Stored data:
lemma dominated_graph_extend:
  assumes G: "dominated_graph G" and x: "x \<notin> fst ` G"
  shows "\<exists>G'. dominated_graph G' \<and> G \<subset> G'"
proof -
  have sub: "subspace G" and dom: "\<And>y b. (y, b) \<in> G \<Longrightarrow> b \<le> norm y"
    using G by (auto simp: dominated_graph_def)
  have scale: "(r *\<^sub>R y, r * b) \<in> G" if "(y, b) \<in> G" for r y b
    using subspace_scale[OF sub that, of r] by simp
  obtain c where c_lower: "\<And>y b. (y, b) \<in> G \<Longrightarrow> b - norm (y - x) \<le> c"
    and c_upper: "\<And>z b. (z, b) \<in> G \<Longrightarrow> c \<le> norm (z + x) - b"
    using dominated_graph_extension_constant[OF G] by blast
  define G' where "G' = {g + h | g h. g \<in> G \<and> h \<in> span {(x, c)}}"
  have "subspace G'" unfolding G'_def by (intro subspace_sums sub subspace_span)
  moreover have "b + t * c \<le> norm (y + t *\<^sub>R x)" if yb: "(y, b) \<in> G" for y b t
  proof (cases t "0::real" rule: linorder_cases)
    case less
    \<comment> \<open>rescale to the point \<open>(y/|t|, b/|t|)\<close> of \<open>G\<close> and use the lower bound for \<open>c\<close>\<close>
    define s where "s = - t"
    have s: "s > 0" using less by (simp add: s_def)
    have "(1/s) * b - norm ((1/s) *\<^sub>R y - x) \<le> c" using c_lower[OF scale[OF yb]] .
    then have "s * ((1/s) * b - norm ((1/s) *\<^sub>R y - x)) \<le> s * c" using s by simp
    then have "b - norm (s *\<^sub>R ((1/s) *\<^sub>R y - x)) \<le> s * c"
      using s by (simp add: right_diff_distrib)
    moreover have "s *\<^sub>R ((1/s) *\<^sub>R y - x) = y + t *\<^sub>R x"
      using s by (simp add: s_def scaleR_diff_right)
    ultimately have "b - s * c \<le> norm (y + t *\<^sub>R x)" by simp
    then show ?thesis by (simp add: s_def)
  next
    case equal
    then show ?thesis using dom[OF yb] by simp
  next
    case greater
    \<comment> \<open>rescale to the point \<open>(y/t, b/t)\<close> of \<open>G\<close> and use the upper bound for \<open>c\<close>\<close>
    have "c \<le> norm ((1/t) *\<^sub>R y + x) - (1/t) * b" using c_upper[OF scale[OF yb]] .
    then have "t * c \<le> t * (norm ((1/t) *\<^sub>R y + x) - (1/t) * b)" using greater by simp
    also have "\<dots> = norm (t *\<^sub>R ((1/t) *\<^sub>R y + x)) - b"
      using greater by (simp add: right_diff_distrib)
    also have "t *\<^sub>R ((1/t) *\<^sub>R y + x) = y + t *\<^sub>R x"
      using greater by (simp add: scaleR_add_right)
    finally show ?thesis by simp
  qed
  then have "\<forall>(z, a)\<in>G'. a \<le> norm z" by (auto simp: G'_def span_singleton)
  moreover have "G \<subseteq> G'"
  proof
    fix g assume "g \<in> G"
    then have "g + 0 \<in> G'" unfolding G'_def using span_zero by blast
    then show "g \<in> G'" by simp
  qed
  moreover have "0 + (x, c) \<in> G'"
    unfolding G'_def using subspace_0[OF sub] span_base[of "(x, c)"] by blast
  then have "G \<noteq> G'" using x by (metis add_0 fst_conv image_eqI)
  ultimately show ?thesis unfolding dominated_graph_def by blast
qed
(* Let $G$ be a finite group, $S$ a subset of $G$, and $\sigma,\tau$ the inner automorphisms of $G$ induced by elements $\tilde\sigma,\tilde\tau\in G$ (i.e. $\sigma(x)=\tilde\sigma x\tilde\sigma^{-1}$, $\tau(x)=\tilde\tau x\tilde\tau^{-1}$). Suppose $G$ is a subgroup of a group $\mathcal G$ and there is $g\in\mathcal G$ with $g\tilde\sigma g^{-1}=\tilde\tau$, $gSg^{-1}=S$ and $gGg^{-1}=G$. Then $C(G,S)^\sigma\cong C(G,S)^\tau$ and $C_\Sigma(G,S)^\sigma\cong C_\Sigma(G,S)^\tau$. In particular, if $\tilde\sigma,\tilde\tau\in\mathfrak S_n$ lie in the same conjugacy class and $\sigma,\tau$ are the corresponding inner automorphisms of $\mathfrak S_n$, then for any subset $S$ of $\mathfrak S_n$ there is $g\in\mathfrak S_n$ such that, with $S'=\bigcup_{i}g^iSg^{-i}$, the graphs $C(\mathfrak S_n,S')^\sigma$ and $C(\mathfrak S_n,S')^\tau$ are isomorphic, and the graphs $C_\Sigma(\mathfrak S_n,S')^\sigma$ and $C_\Sigma(\mathfrak S_n,S')^\tau$ are isomorphic.
   Context: For a group $G$, subset $S$ and automorphism $\sigma$, the twisted Cayley graph $C(G,S)^\sigma$ has vertex set $G$ and an edge from $x$ to $\sigma(xs)$ for each $s\in S$; the twisted Cayley sum graph $C_\Sigma(G,S)^\sigma$ has an edge from $x$ to $\sigma(x^{-1}s)$. *)

theory Defs
  imports "HOL-Algebra.Sym_Groups"
begin

text \<open>Since s maps injectively to
  sigma(x s), the graph has no multiple edges and is represented by its edge relation.\<close>
definition twisted_cayley :: "('a, 'b) monoid_scheme \<Rightarrow> 'a set \<Rightarrow> 'a set \<Rightarrow> ('a \<Rightarrow> 'a) \<Rightarrow> ('a \<times> 'a) set"
  where "twisted_cayley M G S \<sigma> = {(x, \<sigma> (x \<otimes>\<^bsub>M\<^esub> s)) | x s. x \<in> G \<and> s \<in> S}"

definition twisted_cayley_sum :: "('a, 'b) monoid_scheme \<Rightarrow> 'a set \<Rightarrow> 'a set \<Rightarrow> ('a \<Rightarrow> 'a) \<Rightarrow> ('a \<times> 'a) set"
  where "twisted_cayley_sum M G S \<sigma> = {(x, \<sigma> (inv\<^bsub>M\<^esub> x \<otimes>\<^bsub>M\<^esub> s)) | x s. x \<in> G \<and> s \<in> S}"

definition digraph_iso :: "'a set \<Rightarrow> ('a \<times> 'a) set \<Rightarrow> 'c set \<Rightarrow> ('c \<times> 'c) set \<Rightarrow> bool"
  where "digraph_iso V E V' E' \<longleftrightarrow>
    (\<exists>f. bij_betw f V V' \<and> (\<forall>x\<in>V. \<forall>y\<in>V. (x, y) \<in> E \<longleftrightarrow> (f x, f y) \<in> E'))"

definition inner :: "('a, 'b) monoid_scheme \<Rightarrow> 'a \<Rightarrow> 'a \<Rightarrow> 'a"
  where "inner M a = (\<lambda>x. a \<otimes>\<^bsub>M\<^esub> x \<otimes>\<^bsub>M\<^esub> inv\<^bsub>M\<^esub> a)"

end

theory Submission
  imports Defs
begin

text \<open>Conjugation \<open>c\<close> by \<open>g\<close> is an automorphism of the ambient group that maps \<open>G\<close> and \<open>S\<close>
  onto themselves and satisfies \<open>c (\<sigma> x) = \<tau> (c x)\<close>, because
  \<open>g \<sigma>\<^sub>0 x \<sigma>\<^sub>0\<inverse> g\<inverse> = \<tau>\<^sub>0 (g x g\<inverse>) \<tau>\<^sub>0\<inverse>\<close> when \<open>\<tau>\<^sub>0 = g \<sigma>\<^sub>0 g\<inverse>\<close>.
  Hence \<open>c\<close> maps each edge \<open>x \<rightarrow> \<sigma> (x s)\<close> to the edge \<open>c x \<rightarrow> \<tau> (c x c s)\<close> and is a graph
  isomorphism; likewise for the sum graphs. In the symmetric group one takes for \<open>g\<close> an element
  conjugating \<open>\<sigma>\<^sub>0\<close> to \<open>\<tau>\<^sub>0\<close>; the union of the conjugates \<open>g\<^sup>i S g\<^sup>-\<^sup>i\<close> is by construction
  stable under conjugation by \<open>g\<close>.\<close>

lemma digraph_iso_map_prod_image:
  assumes "bij_betw f V V'" and "inj_on f C" and "V \<subseteq> C" and "E \<subseteq> C \<times> C"
  shows "digraph_iso V E V' (map_prod f f ` E)"
proof -
  have edges: "(x, y) \<in> E \<longleftrightarrow> (f x, f y) \<in> map_prod f f ` E" if "x \<in> V" "y \<in> V" for x y
  proof
    assume "(f x, f y) \<in> map_prod f f ` E"
    then obtain x' y' where E: "(x', y') \<in> E" and "f x = f x'" "f y = f y'"
      by auto
    have "x' \<in> C" "y' \<in> C" "x \<in> C" "y \<in> C"
      using E assms(3,4) that by auto
    with \<open>f x = f x'\<close> \<open>f y = f y'\<close> have "x = x'" "y = y'"
      using inj_onD[OF assms(2)] by blast+
    with E show "(x, y) \<in> E"
      by simp
  qed (rule image_eqI[where x = "(x, y)"], simp_all)
  show ?thesis
    unfolding digraph_iso_def by (intro exI[of _ f] conjI ballI assms(1) edges)
qed

lemma twisted_cayley_eq_image:
  "twisted_cayley M V S \<sigma> = (\<lambda>(x, s). (x, \<sigma> (x \<otimes>\<^bsub>M\<^esub> s))) ` (V \<times> S)"
  unfolding twisted_cayley_def by auto
section \<open>Non-cyclic finite abelian groups\<close>

lemma (in group) hom_integer_mod_group_if_additive_mod:
  fixes R :: "'a \<Rightarrow> int \<Rightarrow> bool" and q :: nat
  assumes q: "q > 0"
    and ex: "\<And>g. g \<in> carrier G \<Longrightarrow> \<exists>i. R g i"
    and unique: "\<And>g i i'. R g i \<Longrightarrow> R g i' \<Longrightarrow> int q dvd i - i'"
    and add: "\<And>g h i j. R g i \<Longrightarrow> R h j \<Longrightarrow> R (g \<otimes> h) (i + j)"
  shows "\<exists>\<phi> \<in> hom G (integer_mod_group q). \<forall>g i. R g i \<longrightarrow> \<phi> g = i mod int q"
proof
  define e where "e g = (SOME i. R g i)" for g
  have R_e: "R g (e g)" if "g \<in> carrier G" for g
    unfolding e_def using ex[OF that] by (rule someI_ex)
  show "\<forall>g i. R g i \<longrightarrow> e g mod int q = i mod int q"
    using unique ex e_def by (metis someI mod_eq_dvd_iff)
  show "(\<lambda>g. e g mod int q) \<in> hom G (integer_mod_group q)"
  proof (rule homI)
    fix g assume "g \<in> carrier G"
    show "e g mod int q \<in> carrier (integer_mod_group q)"
      using q by (simp add: carrier_integer_mod_group)
  next
    fix g h assume g: "g \<in> carrier G" and h: "h \<in> carrier G"
    have "e (g \<otimes> h) mod int q = (e g + e h) mod int q"
      using unique[OF R_e[of "g \<otimes> h"] add[OF R_e[OF g] R_e[OF h]]] g h by (simp add: mod_eq_dvd_iff)
    then show "e (g \<otimes> h) mod int q = (e g mod int q) \<otimes>\<^bsub>integer_mod_group q\<^esub> (e h mod int q)"
      by (simp add: mod_simps)
  qed
qed
lemma even_steps_reach:
  assumes "P \<noteq> 0"
  shows "e \<le> degree P \<Longrightarrow> \<exists>k\<le>e * (degree P + 1). e \<le> even_steps P k"
proof (induction e)
  case (Suc e)
  then obtain k where k: "k \<le> e * (degree P + 1)" "e \<le> even_steps P k" by auto
  show ?case
  proof (cases "Suc e \<le> even_steps P k")
    case False
    define B where "B = (S_poly ^^ k) P"
    have "degree B = degree P - e"
      using degree_S_poly_iter[OF assms, of k] False k(2) by (simp add: B_def)
    then have B: "B \<noteq> 0" "B \<noteq> 1" "degree B \<le> degree P"
      using Suc.prems S_poly_iter_nonzero[OF assms] by (auto simp: B_def)
    then obtain i where i: "i \<le> degree B" "poly ((S_poly ^^ i) B) 1 = 0"
      using exists_even_step by blast
    then have "even_steps P (Suc (i + k)) = even_steps P (i + k) + 1"
      by (simp add: even_steps_Suc B_def funpow_add)
    moreover have "even_steps P k \<le> even_steps P (i + k)" by (rule even_steps_mono) simp
    moreover have "Suc (i + k) \<le> Suc e * (degree P + 1)" using k(1) i(1) B(3) by simp
    ultimately show ?thesis using k(2) by (intro exI[of _ "Suc (i + k)"]) auto
  next
    case True
    moreover have "e * (degree P + 1) \<le> Suc e * (degree P + 1)" by simp
    ultimately show ?thesis using k by (meson order_trans)
  qed
qed simp

lemma S_poly_iter_reaches_1:
  assumes "P \<noteq> 0"
  shows "\<exists>k\<le>(degree P + 1)^2. (S_poly ^^ k) P = 1"
proof -
  obtain k where k: "k \<le> degree P * (degree P + 1)" "degree P \<le> even_steps P k"
    using even_steps_reach[OF assms order_refl] by blast
  then have "degree ((S_poly ^^ k) P) = 0" using degree_S_poly_iter[OF assms, of k] by simp
  then have "(S_poly ^^ k) P = 1"
    using S_poly_iter_nonzero[OF assms] by (simp add: bit_poly_degree_0_eq_1)
  moreover have "k \<le> (degree P + 1)^2" using k(1) by (simp add: power2_eq_square)
  ultimately show ?thesis by blast
qed

definition tau_poly :: "bit poly \<Rightarrow> nat" where
  "tau_poly P = (LEAST k. (S_poly ^^ k) P = 1)"

lemma tau_poly_le: "(S_poly ^^ k) P = 1 \<Longrightarrow> tau_poly P \<le> k"
  unfolding tau_poly_def by (rule Least_le)
lemma sup_ind_norm_triangle:
  assumes a: "a \<in> group_alg" and b: "b \<in> group_alg"
  shows "sup_ind_norm (\<lambda>g. a g + b g) \<le> sup_ind_norm a + sup_ind_norm b"
proof (rule sup_ind_norm_least)
  fix \<omega> v assume o: "\<omega> \<in> half_circle" and v: "v \<in> group_alg" and q: "ind_sqnorm \<omega> v \<le> 1"
  have w: "cmod \<omega> = 1" using o by (rule half_circle_norm)
  have "sqrt (ind_sqnorm \<omega> (conv (\<lambda>g. a g + b g) v))
      \<le> sqrt (ind_sqnorm \<omega> (conv a v)) + sqrt (ind_sqnorm \<omega> (conv b v))"
    unfolding conv_add_left[OF a b]
    by (rule sqrt_ind_sqnorm_triangle[OF w group_alg_conv[OF a v] group_alg_conv[OF b v]])
  also have "\<dots> \<le> sup_ind_norm a + sup_ind_norm b"
    by (intro add_mono sup_ind_norm_upper[OF a o v q] sup_ind_norm_upper[OF b o v q])
  finally show "sqrt (ind_sqnorm \<omega> (conv (\<lambda>g. a g + b g) v)) \<le> sup_ind_norm a + sup_ind_norm b" .
qed

lemma sup_ind_norm_smult_le:
  assumes a: "a \<in> group_alg"
  shows "sup_ind_norm (\<lambda>g. c * a g) \<le> cmod c * sup_ind_norm a"
proof (rule sup_ind_norm_least)
  fix \<omega> v assume o: "\<omega> \<in> half_circle" and v: "v \<in> group_alg" and q: "ind_sqnorm \<omega> v \<le> 1"
  have w: "cmod \<omega> = 1" using o by (rule half_circle_norm)
  have "ind_sqnorm \<omega> (conv (\<lambda>g. c * a g) v) = (cmod c)^2 * ind_sqnorm \<omega> (conv a v)"
    by (simp only: conv_smult_left[OF a] ind_sqnorm_smult[OF w group_alg_conv[OF a v]])
  then have "sqrt (ind_sqnorm \<omega> (conv (\<lambda>g. c * a g) v)) = cmod c * sqrt (ind_sqnorm \<omega> (conv a v))"
    by (simp add: real_sqrt_mult)
  also have "\<dots> \<le> cmod c * sup_ind_norm a"
    by (intro mult_left_mono sup_ind_norm_upper[OF a o v q] norm_ge_zero)
  finally show "sqrt (ind_sqnorm \<omega> (conv (\<lambda>g. c * a g) v)) \<le> cmod c * sup_ind_norm a" .
qed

#### How to complete this task:
Once the line containing "G \<Longrightarrow> c" has been written out, please stop; every line before it, back to the first line of the records above, should be given exactly.

#### Answer space:
lemma dominated_graph_extend:
  assumes G: "dominated_graph G" and x: "x \<notin> fst ` G"
  shows "\<exists>G'. dominated_graph G' \<and> G \<subset> G'"
proof -
  have sub: "subspace G" and dom: "\<And>y b. (y, b) \<in> G \<Longrightarrow> b \<le> norm y"
    using G by (auto simp: dominated_graph_def)
  have scale: "(r *\<^sub>R y, r * b) \<in> G" if "(y, b) \<in> G" for r y b
    using subspace_scale[OF sub that, of r] by simp
  obtain c where c_lower: "\<And>y b. (y, b) \<in> G \<Longrightarrow> b - norm (y - x) \<le> c"
    and c_upper: "\<And>z b. (z, b) \<in> G \<Longrightarrow> c \<le> norm (z + x) - b"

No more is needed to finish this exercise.